The project team was successful in developing and building an AI tool that can perform the following functions:
* Risk rate inspection observations
* Link inspection observations to a regulatory section Assign a standard line to inspection observations
* Provide a machine generated overall compliance score to [https://www.canada.ca/en/health-canada/services/drugs-health-products/natural-non-prescription/legislation-guidelines/guidance-documents/good-manufacturing-practices.html GMP] inspection reports.
=== BENEFITS TO HEALTH CANADA ===
Cipher has the ability to change the way we currently do business. The tasks executed by Cipher are currently performed by inspectors and the outputs of these tasks could vary depending on factors such as industry experience, inspection experience, training, and geographical location of the inspector.
Some of the key benefits of a tool like Cipher include:
* Allows Health Canada to better leverage historical data.
* Can improve operational processes
* Can assist inspectors with their decision making
* Can be used as a training tool
* Cipher can generate comparable predictions/results to inspectors that can be improved over time.
* Can improve consistency throughout the program and therefore improving rapport with stakeholders
* Can potentially reduce the amount of time required prepare inspection reports, therefore freeing up inspectors for higher risk activities.
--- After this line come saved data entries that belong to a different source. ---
(* Let $m\ge2$ and let $\mathbb N$ be the directed cycle $1\to2\to\cdots\to m\to1$, where agent $i$ receives $C_ix_{i-1}$ from agent $i-1$ (vertex $0$ being vertex $m$, $x_0:=x_m$), each $C_i$ a real full-row-rank matrix with $n$ columns, and $P_i=C_i'(C_iC_i')^{-1}C_i$. Consider $$x_i(t+1)=x_i(t)-\tfrac12P_i\big(x_i(t)-x_{i-1}(t)\big),\qquad i=1,\dots,m,$$ with initial states satisfying $x_i(0)\in\operatorname{image}P_i$ for every $i$. Then all $x_i(t)$ converge to a common vector $x^*\in\mathbb R^n$ exponentially fast.
   Context: $'$ denotes transpose; $P_i$ is the orthogonal projection onto $(\ker C_i)^\perp$. Exponentially fast: there exist $c>0$, $\rho\in[0,1)$ with $\|x_i(t)-x^*\|\le c\rho^t$ for all $i,t$. *)

theory Defs
  imports "Jordan_Normal_Form.DL_Rank" "Jordan_Normal_Form.Gauss_Jordan_Elimination"
begin

definition full_row_rank :: "real mat \<Rightarrow> bool" where
  "full_row_rank C \<longleftrightarrow> vec_space.rank (dim_row C) C = dim_row C"

definition proj_mat :: "real mat \<Rightarrow> real mat" where
  "proj_mat C = transpose_mat C * the (mat_inverse (C * transpose_mat C)) * C"

definition mat_image :: "real mat \<Rightarrow> real vec set" where
  "mat_image P = {P *\<^sub>v y | y. y \<in> carrier_vec (dim_col P)}"

definition vnorm :: "real vec \<Rightarrow> real" where
  "vnorm v = sqrt (\<Sum>j<dim_vec v. (v $ j)\<^sup>2)"

definition cyc_prev :: "nat \<Rightarrow> nat \<Rightarrow> nat" where
  "cyc_prev m i = (if i = 1 then m else i - 1)"

end

theory Submission imports Defs "HOL-Analysis.Function_Topology" begin

text \<open>Since every state \<open>x\<^sub>i\<close> stays in the range of \<open>P\<^sub>i\<close>, one step \<open>u \<mapsto> T u\<close> of the
  iteration satisfies the energy identity
  \<open>\<Sum>\<^sub>i \<parallel>(T u)\<^sub>i\<parallel>\<^sup>2 = \<Sum>\<^sub>i \<parallel>u\<^sub>i\<parallel>\<^sup>2 - \<onequarter>\<Sum>\<^sub>i (\<parallel>u\<^sub>i - u\<^sub>i\<^sub>-\<^sub>1\<parallel>\<^sup>2 + \<parallel>u\<^sub>i\<^sub>-\<^sub>1 - P\<^sub>i u\<^sub>i\<^sub>-\<^sub>1\<parallel>\<^sup>2)\<close>.
  The increments \<open>x(t+1) - x(t)\<close> lie in the \<open>T\<close>-invariant subspace of range-compatible
  states whose components sum to a vector orthogonal to the common fixed space of the \<open>P\<^sub>i\<close>.
  On that subspace the dissipation vanishes only at \<open>0\<close>, so by compactness of the unit sphere
  it dominates a fixed multiple of the energy: the increments decay geometrically. Hence the
  states converge geometrically; the limit is a fixed point of \<open>T\<close>, has zero dissipation and
  is therefore a consensus.\<close>

lemma transpose_mult_vec_eq_0_imp_eq_0:
  fixes C :: "real mat"
  assumes C: "C \<in> carrier_mat r n" and rank: "vec_space.rank r C = r"
    and v: "v \<in> carrier_vec r" and Cv: "transpose_mat C *\<^sub>v v = 0\<^sub>v n"
  shows "v = 0\<^sub>v r"
proof -
  interpret vec_space "TYPE(real)" r .
  obtain S where S: "finite S" "maximal S (\<lambda>T. T \<subseteq> set (cols C) \<and> lin_indpt T)"
    using maximal_exists_superset[of "set (cols C)" "\<lambda>T. T \<subseteq> set (cols C) \<and> lin_indpt T" "{}"]
    by (metis (no_types) List.finite_set empty_subsetI fin_dim finite_basis_exists
        subset_li_is_li vec_vs vectorspace.basis_def)
  have card_S: "card S = r" using rank_card_indpt[OF C S(2)] rank by simp
  have S_cols: "S \<subseteq> set (cols C)" "lin_indpt S" using S(2) unfolding maximal_def by auto
  have S_carrier: "S \<subseteq> carrier_vec r" using S_cols(1) C cols_dim by blast
  have "basis S"
    by (rule dim_li_is_basis[OF fin_dim S(1)]) (use S_carrier S_cols card_S dim_is_n in auto)
  then have span_S: "span S = carrier_vec r" unfolding basis_def by auto
  have "v \<in> orthogonal_complement S"
    unfolding orthogonal_complement_def
  proof (intro CollectI conjI ballI)
    show "v \<in> carrier_vec r" by fact
    fix y assume "y \<in> S"
    then obtain j where "j < dim_col C" "y = col C j" using S_cols(1) by (auto simp: cols_def)
    then have j: "j < n" "y = col C j" using C by auto
    have "col C j \<bullet> v = (transpose_mat C *\<^sub>v v) $ j" using j C by auto
    then show "v \<bullet> y = 0" using j C v Cv comm_scalar_prod[of v r "col C j"] by auto
  qed
  then have "v \<in> orthogonal_complement (span S)" using S_carrier by simp
  then have "v \<bullet> v = 0" using v span_S unfolding orthogonal_complement_def by auto
  then show ?thesis using conjugate_square_eq_0_vec[OF v] by simp
qed

lemma gram_mat_inverse:
  fixes C :: "real mat"
  assumes C: "C \<in> carrier_mat r n" and rank: "full_row_rank C"
  obtains B where "mat_inverse (C * transpose_mat C) = Some B" "B \<in> carrier_mat r r"
    "C * transpose_mat C * B = 1\<^sub>m r" "transpose_mat B = B"
proof -
  define G where "G = C * transpose_mat C"
  have G: "G \<in> carrier_mat r r" using C unfolding G_def by auto
  have G_sym: "transpose_mat G = G"
    unfolding G_def using C by (simp add: transpose_mult[of C r n "transpose_mat C" r])
  have "det G \<noteq> 0"
  proof
    assume "det G = 0"
    then obtain v where v: "v \<in> carrier_vec r" "v \<noteq> 0\<^sub>v r" "G *\<^sub>v v = 0\<^sub>v r"
      using det_0_iff_vec_prod_zero_field[OF G] by auto
    have w: "transpose_mat C *\<^sub>v v \<in> carrier_vec n" using C v by auto
    have "(transpose_mat C *\<^sub>v v) \<bullet> (transpose_mat C *\<^sub>v v) = v \<bullet> (C *\<^sub>v (transpose_mat C *\<^sub>v v))"
      by (rule transpose_vec_mult_scalar[OF C w v(1)])
    also have "C *\<^sub>v (transpose_mat C *\<^sub>v v) = G *\<^sub>v v"
      unfolding G_def using C v by (simp add: assoc_mult_mat_vec[of C r n "transpose_mat C" r v])
    finally have "transpose_mat C *\<^sub>v v = 0\<^sub>v n"
      using v conjugate_square_eq_0_vec[OF w] by simp
    then show False
      using transpose_mult_vec_eq_0_imp_eq_0[OF C _ v(1)] rank C v(2)
      unfolding full_row_rank_def by auto
  qed
  then have "G \<in> Units (ring_mat TYPE(real) r ())" using det_non_zero_imp_unit[OF G] by auto
  then obtain B where B: "mat_inverse G = Some B" using mat_inverse(1)[OF G] by fastforce
  then have GB: "G * B = 1\<^sub>m r" "B * G = 1\<^sub>m r" "B \<in> carrier_mat r r"
    using mat_inverse(2)[OF G] by auto
  have "transpose_mat B * G = 1\<^sub>m r"
    using transpose_mult[OF G GB(3)] GB G_sym by (metis transpose_one)
  then have "transpose_mat B = B"
    using GB G by (metis assoc_mult_mat left_mult_one_mat right_mult_one_mat transpose_carrier_mat)
  then show thesis using that B GB unfolding G_def by blast
qed

lemma
  fixes C :: "real mat"
  assumes C: "C \<in> carrier_mat r n" and rank: "full_row_rank C"
  shows proj_mat_carrier: "proj_mat C \<in> carrier_mat n n"
    and proj_mat_symmetric: "transpose_mat (proj_mat C) = proj_mat C"
    and proj_mat_idempotent: "proj_mat C * proj_mat C = proj_mat C"
proof -
  obtain B where B: "mat_inverse (C * transpose_mat C) = Some B" "B \<in> carrier_mat r r"
    "C * transpose_mat C * B = 1\<^sub>m r" "transpose_mat B = B"
    using gram_mat_inverse[OF C rank] .
  define M where "M = transpose_mat C * B"
  have M: "M \<in> carrier_mat n r" unfolding M_def using C B by auto
  have P: "proj_mat C = M * C" unfolding proj_mat_def M_def using B by simp
  show "proj_mat C \<in> carrier_mat n n" unfolding P using M C by auto
  show "transpose_mat (proj_mat C) = proj_mat C"
  proof -
    have "transpose_mat M = B * C"
      unfolding M_def using transpose_mult[of "transpose_mat C" n r B r] C B by simp
    then have "transpose_mat (M * C) = transpose_mat C * (B * C)"
      using transpose_mult[OF M C] by simp
    then show ?thesis unfolding P M_def using C B by (simp add: assoc_mult_mat[of _ n r _ r _ n])
  qed
  have CM: "C * M = 1\<^sub>m r" unfolding M_def using C B by (metis assoc_mult_mat transpose_carrier_mat)
  have "M * C * (M * C) = M * ((C * M) * C)" using M C by (simp add: assoc_mult_mat[of _ n r _ n _ n])
  also have "\<dots> = M * C" using CM C by simp
  finally show "proj_mat C * proj_mat C = proj_mat C" unfolding P .
qed

lemma mult_mat_vec_index_sum:
  fixes P :: "'a :: semiring_0 mat"
  assumes "P \<in> carrier_mat k n" "v \<in> carrier_vec n" "j < k"
  shows "(P *\<^sub>v v) $ j = (\<Sum>l<n. P $$ (j, l) * v $ l)"
  using assms by (simp add: scalar_prod_def atLeast0LessThan)


text \<open>Vectors of \<open>\<real>\<^sup>n\<close> and \<open>n \<times> n\<close> matrices are encoded as functions on indices below \<open>n\<close>,
  so that sets of states are subsets of a product topology and closedness and continuity
  come for free.\<close>

definition fun_dot :: "nat \<Rightarrow> (nat \<Rightarrow> real) \<Rightarrow> (nat \<Rightarrow> real) \<Rightarrow> real" where
  "fun_dot n a b = (\<Sum>j<n. a j * b j)"

abbreviation fun_sqnorm :: "nat \<Rightarrow> (nat \<Rightarrow> real) \<Rightarrow> real" where
  "fun_sqnorm n a \<equiv> fun_dot n a a"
* Can potentially reduce the need for some Health Canada guidance documents and/or standard operating procedures.
=== OUR EXPERIENCE ===
Applying the exploratory design experimentation model and working in the experimentation space allowed the project team to quickly transform an idea into a fully developed AI tool. This space provided an environment where the team could develop the application in a flexible, agile environment. This approach significantly contributed to project success. Working in this space allowed the project team and the developers to build, test, and improve the Cipher application in a timely manner and resulted in achieving significant accomplishments in a short period of time.
We recognized how invaluable it was to build partnerships with Industry and other Departments to leverage the necessary expertise in AI and Machine Learning technologies and to broadcast project success outside of [[ROEB-Digital Transformation|ROEB]]. Utilizing short development cycles and early testing, we were able to make modifications to the application and identify areas of improvements for future iterations.
By creating a collaborative experimentation space, we were able to build support for the project and the AI tool by engaging users and collecting their feedback throughout the project lifecycle. Engaging users early in the development phase ensured that the user’s business requirements were met. This approach also allowed the project team to build trust with users, which will help garner support to future operationalize the Cipher tool.
There is a sense of positivity surrounding Cipher and users are truly excited about the project and the tool! Inspectors and other potential users are saying “Cipher is the first tool that looks like it belongs in the 21st Century” and “Cipher is the Future”.